CDS.headStuff2 acut

acut (1)     Gets parts of a file     (Jul-2016)

acut [–Ccomment] [–dc] [–el] [–T s1 s2] [–acols|–ccols|–fcols]... [–itext]... [–map mapping_instructions] [file...]

The acut command allows to extract and reformat columns of a file, and to insert fixed text. Unlike cut(1), the order of the columns is arbitrary, and several cut/insert arguments can be specified. The columns can be raw characters (–c) or intervals delimited by a delimiter character (–f). From version 4.4, acut also accept a mapping string, i.e. a mixture of plain test and excerts from input text.

acut also allows to translate (replace characters) in specified columns (T), and to remove leading and/or trailing blanks in specified columns (h, j and t), or to perform regular expression substitution in the specified columns.

acut is especially useful for reformatting decimal or sexagesimal numbers which can be properly aligned (see below). Accepted sexagesimal representations include blank- or column-separated numbers (like 12:04:56 or 12 04 56), as well as number without separator (like 120445)


–version    prints the version and exits.

–Ccomment    defines comment lines – lines starting by comment are just copied to the output without reformatting. For instance, –C'#' will consider lines starting by a has sign as comments. By default, blank lines are considered by comments.

–dc    defines the character used as a delimiter between columns; this delimiter is only used in cunjunction with the -f option. Its default is the tab.

–el    asks to process the empty lines. By default the empty lines are directly issued, assuming these have just a role of delimiter. (added in V3.92)

–T s1 s2    defines the translation table: characters from s1 are converted into the corresponding characters of s2 (byte-by-byte translation). Strings s1 and s2 must have the same length. The complete alphabet may be specified by \a (lowercase) or \A (uppercase); \s stands for the 6 spaces (blank, tab, vtab, newline, carriage-return, form-feed) Non-printable characters can be specified using the C conventions (e.g. \n for the newline, or \e for the Escape, or the octal representation).

As a shortcut, acut accepts the options –Tlow and –Tup for conversion to lowercase / uppercase.

–acols    asks to insert a delimiter (the character defined by the –dc option) between character columns; for example, acut -a1-15,16- inserts a tab between bytes 15 and 16.
Note that only one –a option can be specified.

–ccols    defines a set of character columns. cols expressions can make use of commas and dashes, e.g. -c1,80,2-5 asks to pick successively the columns 1, then 80, then the range 2 to 5. cols may be empty, meaning all consecutive columns between the previous –c and next –c definitions. For details on how cols can be written, refer to the cols section.

–fcols    is similar to the –c option, but columns are defined as the set of bytes between two delimiter characters.
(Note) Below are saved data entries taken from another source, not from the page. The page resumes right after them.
(* Let $w\in\mathcal{M}_{n_x,n_y}$. The words $v$ occurring with nonzero coefficient in $Hw$ are precisely the words $v\in\mathcal{M}_{n_x,n_y}$ such that: (i) if $i\in E^x_v$ then $f^x_v(i)=f^x_w(i)-1$; (ii) if $i\notin E^x_v$ then $f^x_v(i)\ge f^x_w(i)$. The coefficient of such $v$ in $Hw$ is $(-1)^{|E^x_v|}$.
   Context: $\mathcal{M}_{n_x,n_y}$ is the set of words in letters $x,y$ with $n_x$ $x$'s and $n_y$ $y$'s; $\mathcal{F}_{n_x,n_y}$ its $\mathbb{Z}$-span. Number the $x$'s of a word $1,\dots,n_x$ from left to right. $f^x_w(i)$ is the number of $y$'s strictly to the left of the $i$-th $x$ in $w$. $E^x_v\subseteq\{1,\dots,n_x\}$ is the set of $i$ such that the $i$-th $x$ of $v$ is immediately followed by a $y$. Partial order: $w_0\le w_1$ iff $f^x_{w_0}(i)\le f^x_{w_1}(i)$ for all $i$. $\langle w_0|w_1\rangle=1$ if $w_0\le w_1$, else $0$. $H$ is the linear map on $\mathcal{F}_{n_x,n_y}$ with $\langle u|v\rangle=\langle v|Hu\rangle$ for all $u,v$. *)

theory Defs
  imports Main
begin

datatype letter = X | Y

type_synonym word = "letter list"

definition M :: "nat \<Rightarrow> nat \<Rightarrow> word set" where
  "M nx ny = {w. count_list w X = nx \<and> count_list w Y = ny}"

fun fxs_aux :: "nat \<Rightarrow> word \<Rightarrow> nat list" where
  "fxs_aux k [] = []"
| "fxs_aux k (X # w) = k # fxs_aux k w"
| "fxs_aux k (Y # w) = fxs_aux (Suc k) w"
(* Let $\mathscr{H}$ be a complex Hilbert space and let $A,B\in\mathbb{B}(\mathscr{H})$ satisfy $|A|B=B^*|A|$. Then $$w(AB)\leq\frac{1}{\sqrt{2}}\, r(B)\, w\left(|A|+i|A^*|\right).$$
   Context: For $T\in\mathbb{B}(\mathscr{H})$, $|T|=(T^*T)^{1/2}$, $w(T)=\sup\{|\langle Tx,x\rangle|: \|x\|=1\}$ is the numerical radius and $r(T)$ is the spectral radius. *)

theory Defs
  imports "HOL-Analysis.Analysis"
begin

class complex_hilbert_space = banach +
  fixes scaleC :: "complex \<Rightarrow> 'a \<Rightarrow> 'a"
    and cinner :: "'a \<Rightarrow> 'a \<Rightarrow> complex"
  assumes scaleR_scaleC: "scaleR r x = scaleC (complex_of_real r) x"
    and scaleC_add_right: "scaleC a (x + y) = scaleC a x + scaleC a y"
    and scaleC_add_left: "scaleC (a + b) x = scaleC a x + scaleC b x"
    and scaleC_scaleC: "scaleC a (scaleC b x) = scaleC (a * b) x"
    and scaleC_one: "scaleC 1 x = x"
    and cinner_add_left: "cinner (x + y) z = cinner x z + cinner y z"
    and cinner_scaleC_left: "cinner (scaleC a x) y = a * cinner x y"
    and cinner_commute: "cinner x y = cnj (cinner y x)"
    and norm_eq_sqrt_cinner: "norm x = sqrt (Re (cinner x x))"

definition bounded_clinear :: "('a::complex_hilbert_space \<Rightarrow> 'a) \<Rightarrow> bool" where
  "bounded_clinear T \<longleftrightarrow> bounded_linear T \<and> (\<forall>c x. T (scaleC c x) = scaleC c (T x))"

definition adj :: "('a::complex_hilbert_space \<Rightarrow> 'a) \<Rightarrow> ('a \<Rightarrow> 'a)" where
  "adj T = (SOME S. \<forall>x y. cinner (T x) y = cinner x (S y))"

definition pos_op :: "('a::complex_hilbert_space \<Rightarrow> 'a) \<Rightarrow> bool" where
  "pos_op T \<longleftrightarrow> bounded_clinear T \<and> (\<forall>x. cinner (T x) x \<in> \<real> \<and> 0 \<le> Re (cinner (T x) x))"

definition sqrt_op :: "('a::complex_hilbert_space \<Rightarrow> 'a) \<Rightarrow> ('a \<Rightarrow> 'a)" where
  "sqrt_op P = (THE R. pos_op R \<and> R \<circ> R = P)"

definition abs_op :: "('a::complex_hilbert_space \<Rightarrow> 'a) \<Rightarrow> ('a \<Rightarrow> 'a)" where
  "abs_op T = sqrt_op (adj T \<circ> T)"

text \<open>Numerical radius (with the convention that it is 0 on the zero space).\<close>
definition numrad :: "('a::complex_hilbert_space \<Rightarrow> 'a) \<Rightarrow> real" where
  "numrad T = Sup (insert 0 {cmod (cinner (T x) x) | x. norm x = 1})"

definition spectrum_op :: "('a::complex_hilbert_space \<Rightarrow> 'a) \<Rightarrow> complex set" where
  "spectrum_op T = {z. \<not> (\<exists>S. bounded_clinear S \<and>
      S \<circ> (\<lambda>x. T x - scaleC z x) = id \<and> (\<lambda>x. T x - scaleC z x) \<circ> S = id)}"

definition specrad :: "('a::complex_hilbert_space \<Rightarrow> 'a) \<Rightarrow> real" where
  "specrad T = Sup (insert 0 (cmod ` spectrum_op T))"

end

theory Submission
  imports Defs
begin

text \<open>Write P = |A| and Q = |A*|. The hypothesis PB = B*P says that B is symmetric for the
  semi-inner product \<langle>Px, y\<rangle>. Iterating the Cauchy--Schwarz inequality shows that B is bounded
  for the associated seminorm, and the supremum s of the real numbers \<langle>PBx, x\<rangle> with \<langle>Px, x\<rangle> = 1
  lies in the spectrum of B: otherwise s - B has a bounded inverse, which is bounded for the
  seminorm as well and forces a gap below s. Applied to B and -B this gives
  |\<langle>PBx, y\<rangle>| \<le> r(B) \<langle>Px, x\<rangle>^(1/2) \<langle>Py, y\<rangle>^(1/2).
  Since AP = QA and AA* = Q^2, taking y = A*z yields
  |\<langle>ABx, Qz\<rangle>| \<le> r(B) \<langle>Px, x\<rangle>^(1/2) \<langle>Q(Qz), Qz\<rangle>^(1/2); this extends to the closure of the
  range of Q, whose orthogonal complement ker Q = ker A* contributes nothing. Hence
  |\<langle>ABx, x\<rangle>| \<le> r(B) (\<langle>Px, x\<rangle> \<langle>Qx, x\<rangle>)^(1/2) \<le> r(B) |\<langle>(P + iQ)x, x\<rangle>| / \<surd>2.
  The square roots are constructed as binomial series \<surd>a \<Sum> c_k (I - A*A/a)^k, which also makes
  AP = QA evident.\<close>

section \<open>Complex inner product spaces\<close>

lemma scaleC_zero_left [simp]: "scaleC 0 x = 0"
proof -
  have "scaleC 0 x = scaleC (0 + 0) x" by simp
  also have "\<dots> = scaleC 0 x + scaleC 0 x" by (rule scaleC_add_left)
  finally show ?thesis by simp
qed

lemma scaleC_zero_right [simp]: "scaleC a 0 = 0"
proof -
  have "scaleC a 0 = scaleC a (0 + 0)" by simp
  also have "\<dots> = scaleC a 0 + scaleC a 0" by (rule scaleC_add_right)
  finally show ?thesis by simp
qed

lemma scaleC_minus_left: "scaleC (- a) x = - scaleC a x"
  using scaleC_add_left[of "- a" a x, symmetric] by (simp add: eq_neg_iff_add_eq_0)

lemma scaleC_minus_right: "scaleC a (- x) = - scaleC a x"
  using scaleC_add_right[of a "- x" x, symmetric] by (simp add: eq_neg_iff_add_eq_0)

lemma scaleC_diff_right: "scaleC a (x - y) = scaleC a x - scaleC a y"
  using scaleC_add_right[of a x "- y"] by (simp add: scaleC_minus_right)

lemma cinner_zero_left [simp]: "cinner 0 y = 0"
  using cinner_add_left[of 0 0 y] by simp

lemma cinner_zero_right [simp]: "cinner x 0 = 0"
  using cinner_commute[of x 0] by simp

lemma cinner_add_right: "cinner x (y + z) = cinner x y + cinner x z"
  by (metis cinner_add_left cinner_commute complex_cnj_add)

lemma cinner_scaleC_right: "cinner x (scaleC a y) = cnj a * cinner x y"
  by (metis cinner_commute cinner_scaleC_left complex_cnj_mult)

lemma cinner_scaleR_left: "cinner (scaleR r x) y = complex_of_real r * cinner x y"
  by (simp add: scaleR_scaleC cinner_scaleC_left)

lemma cinner_scaleR_right: "cinner x (scaleR r y) = complex_of_real r * cinner x y"
  by (simp add: scaleR_scaleC cinner_scaleC_right)

lemma cinner_minus_left: "cinner (- x) y = - cinner x y"
  using cinner_scaleR_left[of "-1" x y] by simp

lemma cinner_minus_right: "cinner x (- y) = - cinner x y"
  using cinner_scaleR_right[of x "-1" y] by simp

lemma cinner_diff_left: "cinner (x - y) z = cinner x z - cinner y z"
  using cinner_add_left[of x "- y" z] by (simp add: cinner_minus_left)

lemma cinner_diff_right: "cinner x (y - z) = cinner x y - cinner x z"
  using cinner_add_right[of x y "- z"] by (simp add: cinner_minus_right)

lemma cinner_self_Im: "Im (cinner x x) = 0"
  by (metis cinner_commute cnj.sel(2) neg_equal_zero)

lemma cinner_self_Re: "Re (cinner x x) = norm x ^ 2"
proof -
  have "0 \<le> Re (cinner x x)"
    using norm_eq_sqrt_cinner[of x] norm_ge_zero[of x] by (metis not_le real_sqrt_lt_0_iff)
  then show ?thesis using norm_eq_sqrt_cinner[of x] by simp
qed

lemma cinner_self: "cinner x x = complex_of_real (norm x ^ 2)"
  using cinner_self_Re[of x] cinner_self_Im[of x] by (simp add: complex_eq_iff)

lemma cinner_self_eq_0 [simp]: "cinner x x = 0 \<longleftrightarrow> x = 0"
  by (simp add: cinner_self)

lemma cinner_ext_right: "(\<And>z. cinner z x = cinner z y) \<Longrightarrow> x = y"
  by (metis cinner_diff_right cinner_self_eq_0 eq_iff_diff_eq_0)

lemma cnj_mult_self: "cnj c * c = complex_of_real (cmod c ^ 2)"
  using complex_norm_square[of c] by (simp add: mult.commute)

lemma norm_scaleC: "norm (scaleC a x) = cmod a * norm x"
proof -
  have "cinner (scaleC a x) (scaleC a x) = (a * cnj a) * cinner x x"
    by (simp add: cinner_scaleC_left cinner_scaleC_right)
  then have "norm (scaleC a x) ^ 2 = (cmod a * norm x) ^ 2"
    by (simp add: cinner_self power_mult_distrib flip: complex_norm_square of_real_mult
        of_real_power)
  then show ?thesis by simp
qed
–itext    to insert the fixed text following the –i into each line of the output. The –i alone asks to insert the delimiter (specified by the –d option, tab by default)

–imap mapping_expression    to combine in a single argument a mixture of text (–i) and column exceprts (–f or –c, depending whether a delimiter character was defined via the –d option). In this mode, the $ (or @) is used to specify excerpts, either as $n (where n represents a number) for the column number n ($1 is the leftmost columns, while $0 represents the whole line), or as a cols expression within curly braces like ${expr}.

cols expressions
cols expressions allow to define a set of positions (starting from 1) representing either byte positions (–c) or column numbers (–f). Numbers may be separated by commas, e.g. -c1,5 for byte numbers 1 and 5, or by a dash, like -c5-10 for bytes 5 through 10 (i.e. 6 consecutive bytes), or by a plus like -c5+6 for 6 bytes starting at byte #5 (i.e. bytes 5 through 10).

There is however a difference between -f5-10 and -f5+6: the former (-f5-10 consists of the 5 columns separated by 4 delimiters (the character defined by the –d option), while the latter -f5+6 has no delimiter between the 5 columns (the 5 columns are concatenated). An alternative way of concatenating the character-separated columns is to start the list of fields with a (minus), e.g. -f5+6 and -f-2-10 are equivalent.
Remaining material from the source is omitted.